So would I, but we have to be consistent with what's shown onscreen whether we like it or not. And it's a cinch that if we had gone that route, some readers would complain about the inconsistency and demand an explanation.
Indeed. Like I said, I understand the reasons behind the way Titan
handles the diversity aspect. In light of everything we've seen in Trek since the 80s, I even agree with them. I just wish it wasn't necessary.
Besides, I felt it was worth pointing out that inclusion is something you have to work at, that it's easy for even well-intentioned people to fall back into the habit of sticking with "their own kind" if they aren't careful.
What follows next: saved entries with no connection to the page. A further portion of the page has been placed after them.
lemma gs_admissible_mult_power:
  assumes "gs_admissible QS c d (a, lam)" "P \<in> QS" "P \<noteq> 0"
  shows "gs_admissible QS (c + v (P ^ i)) (max d (degree P)) (a, lam(P := lam P + i))"
    and "gs_term (a, lam(P := lam P + i)) = gs_term (a, lam) * P ^ i"
proof -
  have fin: "finite {Q. lam Q \<noteq> 0}" using assms(1) by simp
  then show product: "gs_term (a, lam(P := lam P + i)) = gs_term (a, lam) * P ^ i"
    by (simp add: Qpow_update)
  have supp: "{Q. (lam(P := lam P + i)) Q \<noteq> 0} \<subseteq> insert P {Q. lam Q \<noteq> 0}" by auto
  then have "finite {Q. (lam(P := lam P + i)) Q \<noteq> 0}"
    using fin by (meson finite_insert finite_subset)
  moreover have "{Q. (lam(P := lam P + i)) Q \<noteq> 0} \<subseteq> QS"
    using supp assms(1,2) by auto
  moreover have "\<forall>Q. (lam(P := lam P + i)) Q \<noteq> 0 \<longrightarrow> degree Q \<le> max d (degree P)"
    using assms(1) by (auto simp: le_max_iff_disj)
  moreover have "c + v (P ^ i) \<le> v (gs_term (a, lam) * P ^ i)" if "gs_term (a, lam) * P ^ i \<noteq> 0"
    using that assms by (simp add: v_mult del: gs_term.simps)
  ultimately show "gs_admissible QS (c + v (P ^ i)) (max d (degree P)) (a, lam(P := lam P + i))"
    unfolding gs_admissible.simps product by blast
qed

lemma gs_expansion_mult_power:
  assumes "gs_expansion QS c d f" "P \<in> QS" "P \<noteq> 0"
  shows "gs_expansion QS (c + v (P ^ i)) (max d (degree P)) (f * P ^ i)"
proof -
  obtain ts where ts: "\<forall>t\<in>set ts. gs_admissible QS c d t" and f: "f = sum_list (map gs_term ts)"
    using assms(1) unfolding gs_expansion_def by blast
  define ts' where "ts' = map (\<lambda>(a, lam). (a, lam(P := lam P + i))) ts"
  have "gs_term t * P ^ i = gs_term ((\<lambda>(a, lam). (a, lam(P := lam P + i))) t)" if "t \<in> set ts" for t
  proof -
    obtain a lam where t: "t = (a, lam)" by fastforce
    have "gs_admissible QS c d (a, lam)" using that ts t by blast
    from gs_admissible_mult_power(2)[OF this assms(2,3)] show ?thesis by (simp add: t)
  qed
  then have "f * P ^ i = sum_list (map gs_term ts')"
    unfolding f ts'_def by (simp add: sum_list_mult_const[symmetric] cong: map_cong)
  moreover have "\<forall>t\<in>set ts'. gs_admissible QS (c + v (P ^ i)) (max d (degree P)) t"
    using ts gs_admissible_mult_power(1)[OF _ assms(2,3)] unfolding ts'_def
    by (auto simp del: gs_admissible.simps)
  ultimately show ?thesis unfolding gs_expansion_def by blast
qed

lemma complete_set_imp_gs_expansion:
  assumes complete: "complete_set \<nu> QS" and key: "\<forall>Q\<in>QS. key_polynomial \<nu> Q"
  shows "f \<noteq> 0 \<Longrightarrow> gs_expansion QS (v f) (degree f) f"
proof (induction "degree f" arbitrary: f rule: less_induct)
  case less
  show ?case
  proof (cases "degree f = 0")
    case True
    then have "f = gs_term (coeff f 0, \<lambda>_. 0)" by (simp add: Qpow_def degree_0_id)
    then show ?thesis unfolding gs_expansion_def
      by (intro exI[of _ "[(coeff f 0, \<lambda>_. 0)]"]) auto
  next
    case False
    then have "1 \<le> degree f" by simp
    then obtain Q where Q: "Q \<in> QS" "degree Q \<le> degree f" "nu_Q \<nu> Q f = \<nu> f"
      using complete unfolding complete_set_def by blast
    have Q1: "1 \<le> degree Q" using key Q(1) unfolding key_polynomial_def by auto
    then have Q0: "Q \<noteq> 0" by auto
    have bound: "nu_Q_ge Q (v f) f" using Q(3) nu_Q_eq_iff_nu_Q_ge[OF Q1 less.prems] by simp
    have "gs_expansion QS (v f) (degree f) (qexp_coeff Q f j * Q ^ j)" for j
    proof (cases "qexp_coeff Q f j = 0")
      case True
      then show ?thesis by (simp add: gs_expansion_0)
    next
      case False
      define b where "b = qexp_coeff Q f j"
      have b: "b \<noteq> 0" "degree b < degree Q"
        using False degree_qexp_coeff_less[OF Q0] by (auto simp: b_def)
      then have "gs_expansion QS (v b) (degree b) b" using less.hyps Q(2) by simp
      then have "gs_expansion QS (v b + v (Q ^ j)) (max (degree b) (degree Q)) (b * Q ^ j)"
        using Q(1) Q0 by (rule gs_expansion_mult_power)
      moreover have "v f \<le> v b + v (Q ^ j)"
        using bound b Q0 by (simp add: nu_Q_ge_def b_def v_mult)
      ultimately show ?thesis
        using gs_expansion_mono b Q(2) by (simp add: b_def)
    qed
    then have "gs_expansion QS (v f) (degree f) (\<Sum>j\<le>degree f. qexp_coeff Q f j * Q ^ j)"
      by (intro gs_expansion_sum)
    then show ?thesis by (simp only: qexp_expansion[OF Q1, of f, symmetric])
  qed
qed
I tend to like the approach of stories like "The Drumhead" or much of DS9 which remind us that the Federation's utopia is not an easy thing to achieve or maintain, that it takes hard work and self-discipline to live up to such lofty ideals and it isn't always easy to avoid backsliding.
I guess it's a matter of taste. Some readers are more interested in exotic aliens than others, and they're the ones that TTN is geared toward. I think Marco envisioned it as the most science-fictional of the book series, the one that would be most focused on exploring new and exotic concepts.
That's why I get into it, for the most part. And I hope the series never loses that. So far, even in the Titan
books like Seize the Fire
that have been part of crossover events, that sense of exploration has remained.
I'm hoping there's a sense of that in the newer Voyager
novels, too, but I haven't read any since Spirit Walk
turned me off of the series entirely. Even though the "second relaunch" has a different, I've been afraid to go back and try again.